## Data in this exercise
(* Let S be the active set of U.  In U_f every edge leaving S is observed, so in every completion
   S is closed under live edges and the gain of a seed set W is the number of nodes it reaches
   outside S.  After d further rounds from U the active set S' contains S, and the gain of W is at
   most the number h of nodes outside S' that W reaches through edges with tail outside S'.  Those
   edges are unobserved both after the d rounds and in U_f, so h has the same expectation under
   either realization, and in U_f it is bounded by the gain.  As the gains are nonnegative and the
   outcome probabilities of d rounds sum to at most 1, N(U) <= max gain in U_f = N(U_f). *)

lemma sum_UN_le:
  fixes g :: "'b \<Rightarrow> 'c::ordered_comm_monoid_add"
  assumes "finite I" "\<And>a. a \<in> I \<Longrightarrow> finite (B a)" "\<And>x. x \<in> \<Union>(B ` I) \<Longrightarrow> 0 \<le> g x"
  shows "sum g (\<Union>(B ` I)) \<le> (\<Sum>a\<in>I. sum g (B a))"
proof -
  have UN_eq: "\<Union>(B ` I) = snd ` Sigma I B" by force
  have "sum g (snd ` Sigma I B) \<le> sum (g \<circ> snd) (Sigma I B)"
    using assms by (intro sum_image_le finite_SigmaI) (auto simp: UN_eq)
  also have "\<dots> = (\<Sum>a\<in>I. sum g (B a))"
    using assms by (simp add: sum.Sigma split_def)
  finally show ?thesis unfolding UN_eq .
qed

lemma reach_Un: "reach s (X \<union> Y) L = reach s X L \<union> reach s Y L"
  by (induction s) auto

lemma reach_mono: "X \<subseteq> Y \<Longrightarrow> L \<subseteq> L' \<Longrightarrow> reach s X L \<subseteq> reach s Y L'"
  by (induction s) auto

lemma reach_base: "X \<subseteq> reach s X L"
  by (induction s) auto

lemma finite_reach: "finite X \<Longrightarrow> finite L \<Longrightarrow> finite (reach s X L)"
proof (induction s)
  case (Suc s)
  have "{v. \<exists>u\<in>reach s X L. (u, v) \<in> L} \<subseteq> snd ` L" by force
  then show ?case using Suc by (simp add: finite_subset)
qed simp

lemma reach_closed: "(\<And>a b. (a, b) \<in> L \<Longrightarrow> a \<in> B \<Longrightarrow> b \<in> B) \<Longrightarrow> reach s B L = B"
  by (induction s) auto

lemma reach_subset_avoiding: "reach s W L \<subseteq> reach s B L \<union> reach s W {e \<in> L. fst e \<notin> B}"
proof (induction s)
  case (Suc s)
  show ?case
  proof
    fix x assume "x \<in> reach (Suc s) W L"
    then consider "x \<in> reach s W L" | u where "u \<in> reach s W L" "(u, x) \<in> L" by auto
    then show "x \<in> reach (Suc s) B L \<union> reach (Suc s) W {e \<in> L. fst e \<notin> B}"
    proof cases
      case 1 with Suc.IH show ?thesis by auto
    next
      case 2
      then consider "u \<in> reach s B L" | "u \<notin> B" "u \<in> reach s W {e \<in> L. fst e \<notin> B}"
        using Suc.IH reach_base[of B s L] by blast
      then show ?thesis using 2(2) by cases auto
    qed
  qed
qed simp

lemma card_reach_Un_le:
  assumes "finite S" "finite W" "finite L"
  shows "card (reach s (S \<union> W) L) \<le> card (reach s S L) + card (reach s W {e \<in> L. fst e \<notin> S} - S)"
proof -
  have "reach s (S \<union> W) L \<subseteq> reach s S L \<union> (reach s W {e \<in> L. fst e \<notin> S} - S)"
    using reach_Un[of s S W L] reach_subset_avoiding[of s W L S] reach_base[of S s L] by blast
  then have "card (reach s (S \<union> W) L) \<le> card (reach s S L \<union> (reach s W {e \<in> L. fst e \<notin> S} - S))"
    using assms by (intro card_mono finite_UnI finite_Diff finite_reach) auto
  also have "\<dots> \<le> card (reach s S L) + card (reach s W {e \<in> L. fst e \<notin> S} - S)"
    by (rule card_Un_le)
  finally show ?thesis .
qed

lemma card_reach_Un_ge:
  assumes "reach s S L = S" "S \<subseteq> S'" "finite S" "finite W" "finite L"
  shows "card (reach s W {e \<in> L. fst e \<notin> S'} - S') + card S \<le> card (reach s (S \<union> W) L)"
proof -
  have fin: "finite (reach s (S \<union> W) L)" using assms by (intro finite_reach) auto
  have "reach s W {e \<in> L. fst e \<notin> S'} - S' \<subseteq> reach s (S \<union> W) L - S"
    using assms(2) reach_mono[of W "S \<union> W" "{e \<in> L. fst e \<notin> S'}" L s] by blast
  then have "card (reach s W {e \<in> L. fst e \<notin> S'} - S') \<le> card (reach s (S \<union> W) L - S)"
    using fin by (intro card_mono) auto
  also have "\<dots> = card (reach s (S \<union> W) L) - card S"
    using reach_base[of "S \<union> W" s L] assms(3) by (intro card_Diff_subset) auto
  finally show ?thesis
    using card_mono[OF fin, of S] reach_base[of "S \<union> W" s L] by auto
qed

## Work request
Give an exact copy of the lines above from the line with "using Suc.IH reach_base[of" up to and including the line with "W) L \<subseteq>", and leave everything else out.

## Answer
        using Suc.IH reach_base[of B s L] by blast
      then show ?thesis using 2(2) by cases auto
    qed
  qed
qed simp

lemma card_reach_Un_le:
  assumes "finite S" "finite W" "finite L"
  shows "card (reach s (S \<union> W) L) \<le> card (reach s S L) + card (reach s W {e \<in> L. fst e \<notin> S} - S)"
proof -
  have "reach s (S \<union> W) L \<subseteq> reach s S L \<union> (reach s W {e \<in> L. fst e \<notin> S} - S)"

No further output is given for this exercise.